Ostukraine - Experte: Erfolge der Armee machen Situation gefährlicher

Lwiw (Lemberg) (APA) - Seit Monaten toben die Kämpfe zwischen Separatisten und der Armee in der Ostukraine. Das Militär meldete zahlreiche G...

Lwiw (Lemberg) (APA) - Seit Monaten toben die Kämpfe zwischen Separatisten und der Armee in der Ostukraine. Das Militär meldete zahlreiche Gebietsgewinne, nun sollen auch die letzten Hochburgen der Separatisten Donezk und Luhansk (Lugansk) fallen. Der Journalist und Dolmetscher aus Lwiw (Lemberg), Juri Durkot, warnt im Gespräch mit der APA: „Die Erfolge (der ukrainischen Armee, Anm.) machen die Situation gefährlicher.“

Der russische Präsident Wladimir Putin sei „zur Geisel der eigenen Politik geworden“. „Er kann sich nicht mehr leisten zu verlieren.“ „Die nächste Tage sind ganz, ganz kritisch.“

Die ukrainische Armee habe in den vergangenen zwei Monaten „eindeutig Erfolge“ verzeichnet und mehr als die Hälfte des von pro-russischen Separatisten gehaltenen Gebietes zurückerobert. Die militärischen Erfolge seien jedoch wie eine „Hydra“, weil auf jeden Fortschritt der Armee neue Waffenlieferungen und Kämpfer aus Russland folgten.
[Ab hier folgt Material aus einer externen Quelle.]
lemma letter_commute_delta_sq: "[l] @ delta_w @ delta_w \<approx> delta_w @ delta_w @ [l]"
proof -
  have swap: "[a] @ delta_w @ delta_w \<approx> delta_w @ delta_w @ [a]"
    if ab: "[a] @ delta_w \<approx> delta_w @ [b]" and ba: "[b] @ delta_w \<approx> delta_w @ [a]" for a b
  proof -
    have "[a] @ delta_w @ delta_w \<approx> (delta_w @ [b]) @ delta_w"
      using braid_eq_append_right[OF ab] by simp
    also have "\<dots> \<approx> delta_w @ delta_w @ [a]"
      using braid_eq_append_left[OF ba] by simp
    finally show ?thesis .
  qed
  have "[s1] @ delta_w @ delta_w \<approx> delta_w @ delta_w @ [s1]"
    using sig1_delta sig2_delta by (rule swap)
  moreover have "[s2] @ delta_w @ delta_w \<approx> delta_w @ delta_w @ [s2]"
    using sig2_delta sig1_delta by (rule swap)
  ultimately show ?thesis
    using commute_inv_letter[of s1 "delta_w @ delta_w"] commute_inv_letter[of s2 "delta_w @ delta_w"]
    by (cases l rule: burau_letter.cases) simp_all
qed

lemma word_commute_delta_sq: "w @ delta_w @ delta_w \<approx> delta_w @ delta_w @ w"
proof (induction w)
  case Nil
  show ?case by (simp add: braid_eq.refl)
next
  case (Cons l w)
  have "(l # w) @ delta_w @ delta_w \<approx> [l] @ delta_w @ delta_w @ w"
    using braid_eq_append_left[OF Cons.IH, of "[l]"] by simp
  also have "\<dots> \<approx> delta_w @ delta_w @ (l # w)"
    using braid_eq_append_right[OF letter_commute_delta_sq, of l w] by simp
  finally show ?case .
qed

lemma sig1_delta_sig1: "[s1] @ delta_w @ [s1] \<approx> delta_w @ [s1'] @ delta_w"
proof -
  have "[s1] @ delta_w @ [s1] \<approx> [s1, s2, s1, s2, s1]"
    using braid_eq.cong[OF braid_eq.braid, of "[s1]" "[s1]"] by (simp add: delta_w_def)
  also have "\<dots> \<approx> delta_w @ [s1'] @ delta_w"
    using braid_eq.cong[OF braid_eq.sym[OF braid_eq.cancel[of s1]], of "[s1, s2]" "[s1, s2, s1]"]
    by (simp add: delta_w_def)
  finally show ?thesis .
qed

lemma sig2_eq: "[s2] \<approx> [s1'] @ delta_w @ [s1']"
proof -
  have "[s1'] @ delta_w @ [s1'] \<approx> [s2] @ [s1, s1']"
    using braid_eq_append_right[OF braid_eq_cancel_left[of s1], of "[s2, s1, s1']"]
    by (simp add: delta_w_def)
  also have "\<dots> \<approx> [s2]"
    using braid_eq_append_left[OF braid_eq.cancel[of s1], of "[s2]"] by simp
  finally show ?thesis
    by (rule braid_eq.sym)
qed

lemma delta_sq_coset_eq: "delta_w @ delta_w @ w \<sim> w"
proof -
  have "delta_w @ delta_w @ w \<approx> delta2_w @ w"
    using braid_eq_append_right[OF delta_sq] by simp
  also have "delta2_w @ w \<sim> w"
    by (rule sub_gen_coset_eq) (simp add: sub_gens_def)
  finally show ?thesis .
qed

lemma append_delta_sq_coset_eq: "w @ delta_w @ delta_w \<sim> w"
  using word_commute_delta_sq delta_sq_coset_eq by (rule braid_eq_coset_eq_trans)

lemma delta_sig1_delta: "delta_w @ [s1] @ delta_w \<sim> delta_w @ [s1']"
proof -
  have "delta_w @ [s1] @ delta_w \<approx> delta_w @ delta_w @ [s2]"
    using braid_eq_append_left[OF sig1_delta] by simp
  also have "\<dots> \<sim> [s2]"
    by (rule delta_sq_coset_eq)
  also have "\<dots> \<approx> [s1'] @ delta_w @ [s1']"
    by (rule sig2_eq)
  also have "\<dots> \<sim> delta_w @ [s1']"
    by (rule sub_gen_coset_eq) (simp add: sub_gens_def sig1_w_def inv_word_def)
  finally show ?thesis .
qed

lemma delta_sig1_inv_delta: "delta_w @ [s1'] @ delta_w \<sim> delta_w @ [s1]"
proof -
  have "delta_w @ [s1'] @ delta_w \<approx> [s1] @ delta_w @ [s1]"
    by (rule braid_eq.sym[OF sig1_delta_sig1])
  also have "\<dots> \<sim> delta_w @ [s1]"
    by (rule sub_gen_coset_eq) (simp add: sub_gens_def sig1_w_def)
  finally show ?thesis .
qed

lemma coset_eq_append_inv_letter: "a @ [l] \<sim> b \<Longrightarrow> b @ [inv_letter l] \<sim> a"
proof -
  assume "a @ [l] \<sim> b"
  then have "b @ [inv_letter l] \<sim> a @ [l, inv_letter l]"
    using coset_eq_append[OF coset_eq_sym, of "a @ [l]" b "[inv_letter l]"] by simp
  also have "\<dots> \<approx> a"
    using braid_eq_append_left[OF braid_eq.cancel[of l], of a] by simp
  finally show ?thesis .
qed

subsection \<open>Coset representatives by the Euclidean algorithm\<close>

(* For coprime c, d the matrix of coset_rep c d at t = -1 has bottom row (c, d) up to sign. *)
function coset_rep :: "int \<Rightarrow> int \<Rightarrow> word" where
  "coset_rep c d =
    (if c = 0 then []
     else if c < 0 then coset_rep (-c) (-d)
     else if \<bar>d\<bar> < c then coset_rep d (-c) @ delta_w
     else if 0 < d then coset_rep c (d - c) @ [s1]
     else coset_rep c (d + c) @ [s1'])"
  by auto
termination
  by (relation "measures [\<lambda>(c, d). nat \<bar>c\<bar>, \<lambda>(c, d). nat \<bar>d\<bar>, \<lambda>(c, d). if c < 0 then 1 else 0]")
    auto

declare coset_rep.simps [simp del]

lemma coset_rep_zero [simp]: "coset_rep 0 d = []"
  by (simp add: coset_rep.simps)

lemma coset_rep_neg: "c < 0 \<Longrightarrow> coset_rep c d = coset_rep (-c) (-d)"
  by (subst coset_rep.simps) simp

lemma coset_rep_uminus [simp]: "coset_rep (-c) (-d) = coset_rep c d"
  by (cases c "0::int" rule: linorder_cases) (simp_all add: coset_rep_neg)

lemma coset_rep_delta_step: "\<bar>d\<bar> < c \<Longrightarrow> coset_rep c d = coset_rep d (-c) @ delta_w"
  by (subst coset_rep.simps) auto

lemma coset_rep_sig1_step: "0 < c \<Longrightarrow> c \<le> d \<Longrightarrow> coset_rep c d = coset_rep c (d - c) @ [s1]"
  by (subst coset_rep.simps) simp

lemma coset_rep_sig1_inv_step:
  "0 < c \<Longrightarrow> d \<le> -c \<Longrightarrow> coset_rep c d = coset_rep c (d + c) @ [s1']"
  by (subst coset_rep.simps) simp

lemma coset_rep_row_zero: "c \<noteq> 0 \<Longrightarrow> coset_rep c 0 = delta_w"
  using coset_rep_delta_step[of 0 "\<bar>c\<bar>"] coset_rep_neg[of c 0] by (cases "c < 0") simp_all

lemma coset_rep_diag: "0 < c \<Longrightarrow> coset_rep c c = delta_w @ [s1]"
  using coset_rep_sig1_step[of c c] coset_rep_row_zero[of c] by simp

lemma coset_rep_antidiag: "0 < c \<Longrightarrow> coset_rep c (-c) = delta_w @ [s1']"
  using coset_rep_sig1_inv_step[of c "-c"] coset_rep_row_zero[of c] by simp

lemma coset_rep_append_delta_pos:
  assumes "0 < c"
  shows "coset_rep c d @ delta_w \<sim> coset_rep (-d) c"
proof -
  consider "\<bar>d\<bar> < c" | "c < d" | "d = c" | "d < -c" | "d = -c"
    by linarith
  then show ?thesis
  proof cases
    case 1
    then have "coset_rep c d @ delta_w = coset_rep (-d) c @ delta_w @ delta_w"
      using coset_rep_delta_step coset_rep_uminus[of d "-c"] by simp
    then show ?thesis
      using append_delta_sq_coset_eq by simp
  next
    case 2
    then have "coset_rep (-d) c = coset_rep c d @ delta_w"
      using coset_rep_delta_step[of "-c" d] coset_rep_uminus[of d "-c"] assms by simp
    then show ?thesis
      by simp
  next
    case 3
    then show ?thesis
      using delta_sig1_delta coset_rep_diag[OF assms] coset_rep_antidiag[OF assms]
        coset_rep_uminus[of c "-c"] by simp
  next
    case 4
    then have "coset_rep (-d) c = coset_rep c d @ delta_w"
      using coset_rep_delta_step[of c "-d"] assms by simp
    then show ?thesis
      by simp
  next
    case 5
    then show ?thesis
      using delta_sig1_inv_delta coset_rep_diag[OF assms] coset_rep_antidiag[OF assms] by simp
  qed
qed

lemma coset_rep_append_delta:
  assumes "(c, d) \<noteq> (0, 0)"
  shows "coset_rep c d @ delta_w \<sim> coset_rep (-d) c"
proof (cases c "0::int" rule: linorder_cases)
  case less
  then show ?thesis
    using coset_rep_append_delta_pos[of "-c" "-d"] coset_rep_uminus[of d "-c"] by simp
next
  case equal
  then show ?thesis
    using assms coset_rep_row_zero[of "-d"] by simp
next
  case greater
  then show ?thesis
    by (rule coset_rep_append_delta_pos)
qed

lemma coset_rep_append_sig1_pos:
  assumes "0 < c"
  shows "coset_rep c d @ [s1] \<sim> coset_rep c (c + d)"
proof -
  consider "0 \<le> d" | "d \<le> -c" | "-c < d" "d < 0"
    by linarith
  then show ?thesis
  proof cases
    case 1
    then show ?thesis
      using coset_rep_sig1_step[OF assms, of "c + d"] by simp
  next
    case 2
    then have "coset_rep c d @ [s1] = coset_rep c (c + d) @ [s1', s1]"
      using coset_rep_sig1_inv_step[OF assms] by (simp add: add.commute)
    also have "\<dots> \<approx> coset_rep c (c + d)"
      using braid_eq_append_left[OF braid_eq_cancel_left[of s1]] by simp
    finally show ?thesis
      by (rule braid_eq_imp_coset_eq)
  next
    case 3
    have "coset_rep c d = coset_rep (-d) (c + d) @ [s1] @ delta_w"
      using 3 coset_rep_delta_step[of d c] coset_rep_uminus[of d "-c"]
        coset_rep_sig1_step[of "-d" c] by simp
    then have "coset_rep c d @ [s1] = coset_rep (-d) (c + d) @ [s1] @ delta_w @ [s1]"
      by simp
    also have "\<dots> \<approx> (coset_rep (-d) (c + d) @ delta_w) @ [s1'] @ delta_w"
      using braid_eq_append_left[OF sig1_delta_sig1] by simp
    also have "\<dots> \<sim> coset_rep (c + d) d @ [s1'] @ delta_w"
      using coset_eq_append[OF coset_rep_append_delta[of "-d" "c + d"]] 3
        coset_rep_uminus[of "c + d" d] by simp
    also have "\<dots> = coset_rep c (c + d)"
      using 3 coset_rep_delta_step[of "c + d" c] coset_rep_sig1_inv_step[of "c + d" "-c"] by simp
    finally show ?thesis .
  qed
qed

lemma coset_rep_append_sig1: "coset_rep c d @ [s1] \<sim> coset_rep c (c + d)"
proof (cases c "0::int" rule: linorder_cases)
  case less
  then show ?thesis
    using coset_rep_append_sig1_pos[of "-c" "-d"] coset_rep_uminus[of c "c + d"] by simp
next
  case equal
  then show ?thesis
    using sub_gen_coset_eq[of sig1_w "[]"] by (simp add: sub_gens_def sig1_w_def)
next
  case greater
  then show ?thesis
    by (rule coset_rep_append_sig1_pos)
qed

lemma coset_rep_append_sig1_inv: "coset_rep c d @ [s1'] \<sim> coset_rep c (d - c)"
  using coset_eq_append_inv_letter[OF coset_rep_append_sig1[of c "d - c"]] by simp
Der Experte spricht von einer „Spirale“, aus der Putin „nicht ohne Imageverlust wieder raus“ komme. „Putin ist entschlossen, weiterzumachen“, so Durkot. Andernfalls würde er auch in Gefahr laufen, seine „Machtstellung zu gefährden“. Trotz der Sanktionen befinde sich Russland in einem „neuimperialistischen Wahn“.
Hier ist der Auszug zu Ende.